» EXERCISE DESCRIPTION: In the material below, find each line with the word "moreover" and copy it.

» EXTRACTED INFORMATION:
lemma strong_ED_with_scaleR:
  assumes ed: "strong_ED_with B N K a lam P" and inv: "\<And>n. invertible (B n)"
    and norms: "\<And>n. is_norm (N n)" and "c > 0" and small: "\<bar>ln c\<bar> < lam"
  shows "strong_ED_with (\<lambda>n. c *\<^sub>R B n) N K (a + \<bar>ln c\<bar>) (lam - \<bar>ln c\<bar>) P"
proof -
  note forward = cocycle_scaleR_forward_bound[OF norms _ \<open>c > 0\<close>]
  note backward = cocycle_scaleR_backward_bound[OF norms _ \<open>c > 0\<close> inv]
  have rate: "- (lam - \<bar>ln c\<bar>) = - lam + \<bar>ln c\<bar>" by simp
  have "c *\<^sub>R B n ** P n = P (Suc n) ** (c *\<^sub>R B n)" for n
    using ed by (simp add: strong_ED_with_def matrix_scalar_ac scalar_matrix_assoc[symmetric])
  moreover have "0 < lam - \<bar>ln c\<bar>" "lam - \<bar>ln c\<bar> \<le> a + \<bar>ln c\<bar>"
    using ed small by (auto simp: strong_ED_with_def)
  moreover have "N m (cocycle (\<lambda>n. c *\<^sub>R B n) m n *v (P n *v x))
      \<le> K * exp ((- lam + \<bar>ln c\<bar>) * real (m - n)) * N n x"
    "N n (cocycle (\<lambda>n. c *\<^sub>R B n) n m *v ((mat 1 - P m) *v x))
      \<le> K * exp ((- lam + \<bar>ln c\<bar>) * real (m - n)) * N m x"
    "N m (cocycle (\<lambda>n. c *\<^sub>R B n) m n *v x) \<le> K * exp ((a + \<bar>ln c\<bar>) * real (m - n)) * N n x"
    "N n (cocycle (\<lambda>n. c *\<^sub>R B n) n m *v x) \<le> K * exp ((a + \<bar>ln c\<bar>) * real (m - n)) * N m x"
    if "n \<le> m" for m n x
    using ed that
    by (intro forward[OF that] backward[OF that]; simp add: strong_ED_with_def)+
  ultimately show ?thesis
    using ed unfolding strong_ED_with_def rate by auto
qed

lemma strong_ED_with_stable_bound:
  assumes ed: "strong_ED_with C N K a lam P" and norms: "\<And>n. is_norm (N n)" and "n \<le> m"
  shows "N m (cocycle C m n *v (P n *v v)) \<le> K * N n v"
proof -
  have "N m (cocycle C m n *v (P n *v v)) \<le> K * exp (- lam * real (m - n)) * N n v"
    using ed \<open>n \<le> m\<close> unfolding strong_ED_with_def by blast
  also have "\<dots> \<le> K * 1 * N n v"
    using ed is_norm_nonneg[OF norms]
    by (intro mult_right_mono mult_left_mono) (auto simp: strong_ED_with_def)
  finally show ?thesis by simp
qed

lemma strong_ED_with_unstable_contraction:
  assumes ed: "strong_ED_with C N K a lam P" and inv: "\<And>n. invertible (C n)"
    and "n \<le> m" and unstable: "P n *v w = 0"
  shows "N n w \<le> K * exp (- lam * real (m - n)) * N m (cocycle C m n *v w)"
proof -
  define y where "y = cocycle C m n *v w"
  have "cocycle C m n ** P n = P m ** cocycle C m n"
    using ed \<open>n \<le> m\<close> by (simp add: cocycle_intertwines strong_ED_with_def)
  then have "P m *v y = 0"
    unfolding y_def using unstable by (metis matrix_vector_mul_assoc matrix_vector_mult_0_right)
  then have "(mat 1 - P m) *v y = y"
    by (simp add: matrix_vector_mult_diff_rdistrib)
  moreover have "w = cocycle C n m *v y"
    using cocycle_backward_mult_forward[OF \<open>n \<le> m\<close> inv]
    by (simp add: y_def matrix_vector_mul_assoc)
  ultimately have "N n w = N n (cocycle C n m *v ((mat 1 - P m) *v y))"
    by simp
  also have "\<dots> \<le> K * exp (- lam * real (m - n)) * N m y"
    using ed \<open>n \<le> m\<close> unfolding strong_ED_with_def by blast
  finally show ?thesis unfolding y_def .
qed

» REPLY TO THE EXERCISE:
  moreover have "0 < lam - \<bar>ln c\<bar>" "lam - \<bar>ln c\<bar> \<le> a + \<bar>ln c\<bar>"
  moreover have "N m (cocycle (\<lambda>n. c *\<^sub>R B n) m n *v (P n *v x))
  moreover have "w = cocycle C n m *v y"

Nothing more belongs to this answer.